Let us return to Mark Wilson's work, with a perfectly brewed cup of coffee in hand. The coffee was brewed, let us say, at an ideal extraction temperature of 195°F (91°C). Leaving aside for the moment the qualitative judgment tied to the claim that the 195°F temperature is an ‘ideal extraction temperature’ (a judgment we will come back to shortly when we return to the conditions for actual, real experience), and sticking simply for now with the statement that this coffee was brewed with water at a temperature of 195°F, we have already seen that for Wilson such claims disguise an array of complexities. To summarise our earlier discussion, to identify a given property – such as the property of bearing heat or temperature, a property which we then name or categorise in accordance with a particular predicate, such as ‘… is 195°F’ – presupposes a series of relationships that are only identifiable within certain ranges and limits. The understanding of temperature as the mean kinetic energy of a gas, for instance, is relevant only with respect to noble gases at equilibrium, but not for gases in dynamic, far from equilibrium states, or for most other substances; the point at which water boils is relevant to water at sea level, and to water that has not been supersaturated with oxygen or deoxygenated (again, see Chang's 2004, 17–23, discussion); and the mercury thermometer itself only registers accurate readings within a certain range of temperatures and conditions, which is again true for the other measuring devices as well. The provisional conclusion we reached was that given the limits and range of relevant applicability, coupled to a convergence of different measuring devices upon similar readings, we can then with a fair degree of confidence accept the accuracy of the descriptive claims about, or the application of predicates to, a given property.
Where things become more complicated still, for Wilson, is when the accurate description of a phenomenon requires multiple descriptive frames, or facades as he calls them, each of which entails a range over which it provides accurate descriptions but beyond which it does not. The mistake Wilson cautions us against is to assume that the different descriptive frames or facades provide, in combination, a complete and unified account of the phenomena under study.
1. Russell on the Task of Analysis (and the Taste of Coffee)
To set the stage for the Platonic arguments to follow, let us first imagine that Russell has taken up a temporary position as a coffee taster, identifying the various attributes of a wide array of coffees as they come into London. After a few weeks of training, Russell shows up to the coffee warehouse and takes his seat next to another, more experienced taster. With the first coffee he tastes, Russell identifies it as a light body coffee with fruity notes and sweet aromatics. The more experienced taster agrees, though he adds that the fruity notes are actually raspberry in character. Russell tastes the coffee again and excitedly agrees, ‘That's it, exactly!’ he says. The experienced taster also identifies a hint of molasses. Russell tastes the coffee again; this time he is not as sure he tastes the molasses his more experienced colleague tastes, but he trusts the latter's abilities and reputation enough to assume that the molasses notes are likely there.
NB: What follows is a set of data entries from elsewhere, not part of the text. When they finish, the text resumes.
lemma second_order_bound_minus:
  fixes p s :: real
  assumes "1 < p" "p \<le> 2" "0 \<le> s"
  shows "p * (p - 1) / 2 * s\<^sup>2 * (1 + s) powr (p - 2) \<le> \<bar>1 - s\<bar> powr p - 1 + p * s"
  using second_order_bound_minus_le_1[of p s] second_order_bound_minus_ge_1[of p s] assms
  by (cases "s \<le> 1") (auto simp: abs_if)

lemma Psi_eq_scaled:
  fixes a b :: "real ^ 'd"
  assumes "a \<noteq> 0" "norm b = norm a * s" "norm (a + b) = norm a * w" "0 \<le> w"
  shows "Psi a b p = norm a powr p * (w powr p - p / 2 * w\<^sup>2 + p / 2 * (1 + s\<^sup>2) - 1)"
proof -
  define r where "r = norm a"
  have r: "0 < r" using assms unfolding r_def by simp
  have "(norm (a + b))\<^sup>2 = r\<^sup>2 + 2 * (a \<bullet> b) + (norm b)\<^sup>2"
    unfolding r_def power2_norm_eq_inner by (simp add: inner_add inner_commute)
  then have inner: "a \<bullet> b = r\<^sup>2 * (w\<^sup>2 - 1 - s\<^sup>2) / 2"
    using assms unfolding r_def[symmetric] by (simp add: field_simps power_mult_distrib)
  have "Psi a b p = (r * w) powr p - r powr p - p * r powr (p - 2) * (r\<^sup>2 * (w\<^sup>2 - 1 - s\<^sup>2) / 2)"
    unfolding Psi_def using assms inner unfolding r_def by simp
  also have "\<dots> = r powr p * w powr p - r powr p
      - p * (r\<^sup>2 * r powr (p - 2)) * (w\<^sup>2 - 1 - s\<^sup>2) / 2"
    using r assms by (simp add: powr_mult)
  also have "\<dots> = r powr p * (w powr p - p / 2 * w\<^sup>2 + p / 2 * (1 + s\<^sup>2) - 1)"
    using power2_mult_powr[OF r, of "p - 2"] by (simp add: field_simps)
  finally show ?thesis unfolding r_def .
qed

lemma Psi_ge_second_order:
  fixes a b :: "real ^ 'd"
  assumes p: "1 < p" "p \<le> 2" and "a \<noteq> 0"
  shows "norm a powr p * (p * (p - 1) / 2 * (norm b / norm a)\<^sup>2 * (1 + norm b / norm a) powr (p - 2))
    \<le> Psi a b p"
proof -
  define r s w where "r = norm a" and "s = norm b / r" and "w = norm (a + b) / r"
  have r: "0 < r" using assms unfolding r_def by simp
  have s: "0 \<le> s" and nb: "norm b = r * s" and nab: "norm (a + b) = r * w" and "0 \<le> w"
    using r unfolding s_def w_def by auto
  have "norm (a + b) \<le> r + norm b" "r \<le> norm (a + b) + norm b" "norm b \<le> norm (a + b) + r"
    using norm_triangle_ineq[of a b] norm_triangle_ineq[of "a + b" "- b"]
      norm_triangle_ineq[of "a + b" "- a"]
    unfolding r_def by simp_all
  then have "r * w \<le> r * (1 + s)" "r * 1 \<le> r * (w + s)" "r * s \<le> r * (w + 1)"
    unfolding nab nb by (simp_all add: algebra_simps)
  then have w: "\<bar>1 - s\<bar> \<le> w" "w \<le> 1 + s"
    using r by (auto simp: mult_le_cancel_left_pos)
  define Q where "Q x = x powr p - p / 2 * x\<^sup>2 + p / 2 * (1 + s\<^sup>2) - 1" for x
  have "Q \<bar>1 - s\<bar> = \<bar>1 - s\<bar> powr p - 1 + p * s" "Q (1 + s) = (1 + s) powr p - 1 - p * s"
    unfolding Q_def by (simp_all add: power2_eq_square algebra_simps)
  then have "p * (p - 1) / 2 * s\<^sup>2 * (1 + s) powr (p - 2) \<le> Q w"
    using second_order_bound_minus[of p s] second_order_bound_plus[of p s]
      powr_minus_half_square_mono_le_1[of p "\<bar>1 - s\<bar>" w]
      powr_minus_half_square_antimono_ge_1[of p w "1 + s"] w p s
    unfolding Q_def by (cases "w \<le> 1") auto
  then have "r powr p * (p * (p - 1) / 2 * s\<^sup>2 * (1 + s) powr (p - 2)) \<le> r powr p * Q w"
    by (intro mult_left_mono) auto
  also have "r powr p * Q w = Psi a b p"
    using Psi_eq_scaled[OF \<open>a \<noteq> 0\<close>, of b s w p] nb nab \<open>0 \<le> w\<close>
    unfolding Q_def r_def by simp
  finally show ?thesis unfolding s_def r_def .
qed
Back in his Bloomsbury flat, Russell reflects upon how the day's experience typifies his more general understanding of analysis. In his 1940 lectures, Russell argues that all judgments of perception are ‘of the form “P is part of W”’, and thus when we say of ‘this’ coffee that it has raspberry notes we are making the perceptual judgment that P (raspberry notes) is a part of W, the coffee being tasted, and ‘what we naturally call “this”, is a complex which the judgment of perception partially analyses’ (Russell 1940, 315). Moreover, Russell recognises that ‘we can experience a whole W without knowing what its parts are, but through attention or noticing we can gradually discover more and more of its parts’ (315). Russell did indeed experience the whole of the coffee's taste, and through focused attention, and with a little help from his experienced colleague, he was able to discover more parts of the coffee’s taste.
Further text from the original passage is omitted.